Ketiga, diakui bahwa penyalahgunaan narkotika adalah bentuk perilaku yang menyimpang. Menurut perspektif psikososial bahwa seseorang menjadi
berperilaku menyimpang akibat dari pengaruh tiga kutub sosial yang tidak kondusif. Yaitu kutub keluarga, sekolah atau kampus dan kutub masyarakat.
Seorang anak atau remaja tidak dapat lepas dari tiga kutub itu, yaitu keluarga, sekolah, dan masyarakatnya lingkungannya. Bila kutub keluarga
atau sekolah dan masyarakat tidak kondusif, dimana ketiga kutub itu saling mempengaruhi kehidupan mereka, maka sebagai hasil interaksi ketiga kutub
tersebut resiko perilaku menyimpang akan jauh lebih besar yang pada gilirannya akan berakibat menyalahgunakan narkoba.

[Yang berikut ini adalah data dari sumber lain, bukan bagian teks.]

(* Let $A\in\mathbb{R}^{m\times n}$ with $m>n$ be a full-rank standardized matrix with no two distinct rows parallel, let $x\in\mathbb{R}^n$, and let $b=Ax$. Let $x_{k-1}$ be the $(k-1)$-st iterate of the two-subspace Kaczmarz method, and let $x_k$ be the next iterate. Then, conditionally on $x_{k-1}$, $$\mathbb{E}\|x-x_k\|_2^2\le\left(\left(1-\frac1R\right)^2-\frac DR\right)\|x-x_{k-1}\|_2^2,$$ where $D=\min\left\{\frac{\delta^2(1-\delta)}{1+\delta},\frac{\Delta^2(1-\Delta)}{1+\Delta}\right\}$.
   Context: $A\in\mathbb{R}^{m\times n}$ has rows $a_1,\dots,a_m$. It is called standardized if $\|a_i\|_2=1$ for all $i$. "No two distinct rows parallel" means $|\langle a_r,a_s\rangle|<1$ for all $r\ne s$. Two-subspace Kaczmarz method for $(A,b)$, $b\in\mathbb{R}^m$: start from $x_0\in\mathbb{R}^n$. For $k=1,2,\dots$, choose an ordered pair $(r,s)$ of distinct indices in $\{1,\dots,m\}$ uniformly at random among the $m^2-m$ such pairs, independently of all previous choices. Then set $\mu_k=\langle a_r,a_s\rangle$, $y_k=x_{k-1}+(b_s-\langle x_{k-1},a_s\rangle)a_s$, $v_k=\frac{a_r-\mu_k a_s}{\sqrt{1-\mu_k^2}}$, $\beta_k=\frac{b_r-b_s\mu_k}{\sqrt{1-\mu_k^2}}$, and $x_k=y_k+(\beta_k-\langle y_k,v_k\rangle)v_k$. Coherence parameters: $\Delta=\max_{j\ne k}|\langle a_j,a_k\rangle|$ and $\delta=\min_{j\ne k}|\langle a_j,a_k\rangle|$. Scaled condition number: $R=\|A\|_F^2\|A^{-1}\|^2$, where $\|A^{-1}\|=\inf\{M: M\|Az\|_2\ge\|z\|_2\ \text{for all } z\}$, i.e. the reciprocal of the smallest singular value of $A$. *)

theory Defs
  imports "HOL-Analysis.Analysis"
begin

text \<open>Rows of A are A $ i. One step of the two-subspace Kaczmarz method with
  the ordered pair (r,s) of row indices, starting from the previous iterate xp.\<close>
definition tsk_step :: "real^'n^'m \<Rightarrow> real^'m \<Rightarrow> 'm \<Rightarrow> 'm \<Rightarrow> real^'n \<Rightarrow> real^'n" where
  "tsk_step A b r s xp =
    (let mu = (A $ r) \<bullet> (A $ s);
         y = xp + (b $ s - xp \<bullet> (A $ s)) *\<^sub>R (A $ s);
         v = (1 / sqrt (1 - mu\<^sup>2)) *\<^sub>R (A $ r - mu *\<^sub>R (A $ s));
         beta = (b $ r - b $ s * mu) / sqrt (1 - mu\<^sup>2)
     in y + (beta - y \<bullet> v) *\<^sub>R v)"

text \<open>Conditional expectation of f(x_k) given x_{k-1} = xp: uniform average over
  the m^2 - m ordered pairs of distinct indices.\<close>
definition tsk_expect :: "real^'n^'m \<Rightarrow> real^'m \<Rightarrow> real^'n \<Rightarrow> (real^'n \<Rightarrow> real) \<Rightarrow> real" where
  "tsk_expect A b xp f =
    (\<Sum>p\<in>{(r,s). r \<noteq> s}. f (tsk_step A b (fst p) (snd p) xp))
      / (real CARD('m)^2 - real CARD('m))"

definition standardized :: "real^'n^'m \<Rightarrow> bool" where
  "standardized A \<longleftrightarrow> (\<forall>i. norm (A $ i) = 1)"

definition no_parallel_rows :: "real^'n^'m \<Rightarrow> bool" where
  "no_parallel_rows A \<longleftrightarrow> (\<forall>r s. r \<noteq> s \<longrightarrow> \<bar>(A $ r) \<bullet> (A $ s)\<bar> < 1)"

definition coh_max :: "real^'n^'m \<Rightarrow> real" where
  "coh_max A = Max {\<bar>(A $ j) \<bullet> (A $ k)\<bar> | j k. j \<noteq> k}"

definition coh_min :: "real^'n^'m \<Rightarrow> real" where
  "coh_min A = Min {\<bar>(A $ j) \<bullet> (A $ k)\<bar> | j k. j \<noteq> k}"

definition frob_sq :: "real^'n^'m \<Rightarrow> real" where
  "frob_sq A = (\<Sum>i\<in>UNIV. \<Sum>j\<in>UNIV. (A $ i $ j)\<^sup>2)"

definition inv_norm :: "real^'n^'m \<Rightarrow> real" where
  "inv_norm A = Inf {M. \<forall>z. M * norm (A *v z) \<ge> norm z}"

definition scaled_cond :: "real^'n^'m \<Rightarrow> real" where
  "scaled_cond A = frob_sq A * (inv_norm A)\<^sup>2"

end

theory Submission
  imports Defs
begin

(* Write e = x - x_{k-1}, c_i = <a_i, e> and mu_rs = <a_r, a_s>.  One step with the
   pair (r,s) projects the error orthogonally onto the complement of span{a_s, a_r};
   since v = (a_r - mu a_s)/sqrt(1 - mu^2) completes a_s to an orthonormal pair,
     |x - x_k|^2 = |e|^2 - c_s^2 - (c_r - mu c_s)^2 / (1 - mu^2)          (pair gain).
   Splitting 1/(1 - mu^2) = 1 + mu^2/(1 - mu^2), the gain summed over all ordered
   pairs r ~= s is bounded below by three terms:
     sum c_s^2                         = (m - 1) |Ae|^2,
     sum (c_r - mu c_s)^2             >= t (m |e|^2 - |Ae|^2)   (smallest singular value),
     sum (c_r - mu c_s)^2 mu^2/(1-mu^2) >= D (m - 1) |Ae|^2       (coherence),
   where t = 1/|A^-1|^2, and D = min (w delta) (w Delta) with w u = u^2(1-u)/(1+u),
   a function that is unimodal on [0,1), so that D <= w |mu_rs| for every pair.
   Finally |Ae|^2 ranges over [t |e|^2, m |e|^2] and the resulting bound is linear in
   |Ae|^2, so checking the two endpoints gives the factor (1 - t/m)^2 - D t/m, where
   R = ||A||_F^2 |A^-1|^2 = m/t for a standardized matrix. *)

section \<open>The error after one step\<close>

definition pair_gain :: "real^'n^'m \<Rightarrow> 'm \<Rightarrow> 'm \<Rightarrow> real^'n \<Rightarrow> real" where
  "pair_gain A r s e =
     (A$s \<bullet> e)\<^sup>2 + (A$r \<bullet> e - (A$r \<bullet> A$s) * (A$s \<bullet> e))\<^sup>2 / (1 - (A$r \<bullet> A$s)\<^sup>2)"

D. Pecandu Narkotika Sebagai ”Korban”
Anggapan bahwa pecandu narkotika adalah sebagai kategori korban atau pelaku pelanggar hukum masih diperdebatkan oleh kalangan ilmuan sosial dan
pihak pembuat hukum. Indikasi perdebatan itu terlihat dari bentuk isi undang- undang tentang narkotika yang diterbitkan pemerintah, khususnya undang-
undang nomor 35 Tahun 2009 tentang narkotika. Satu sisi, undang-undang
tadi pecandu narkotika adalah pelanggar hukum yang mendapatkan sanksi, khususnya sanksi pinjara, namun pada sisi lain, pecandu narkotika
diperbolehkan mendapat rehabilitasi medis dan sosial. Penentuan bentuk sanksi rehabilitasi tadi berdasarkan atas kondisi pelaku yang dianggap sebagai
pelaku sekaligus menjadi korban self victimizing victims. karena pecandu narkotika menderita sindroma ketergantungan akibat dari penyalahgunaan
narkotika yang dilakukannya sendiri. Pecandu narkotika digolongkan sebagai korban karena akibat dari perbuatannya yang mengkonsumsi narkotika
tersebut langsung berdampak terhadap dirinya sendiri dan tidak merugikan orang lain yang tidak menggunakan narkotka tersebut.
Dalam studi-studi viktimologi, pelaku pecandu narkotika dapat dikategorikan dalam kategori berdasarkan tipologi korban yang diidentifikasi
menurut keadaan dan status korban, yaitu: a. Unrelated victims , yaitu korban yang tidak ada hubungannya sama
sekali dengan pelaku. b. Provocative victims, yaitu seseorang yang secara aktif mendorong
dirinya menjadi korban. c. Participating victims, yaitu seseorang yang tidak berbuat, akan tetapi
dengan sikapnya justru mendorong dirinya menjadi korban. d. Biologically weak victims, yaitu mereka yang secara fisik memiliki
kelemahan yang menyebabkan ia menjadi korban. e. Socially weak victims, yaitu mereka yang memiliki kedudukan sosial
yang lemah yang menyebabkan ia menjadi korban.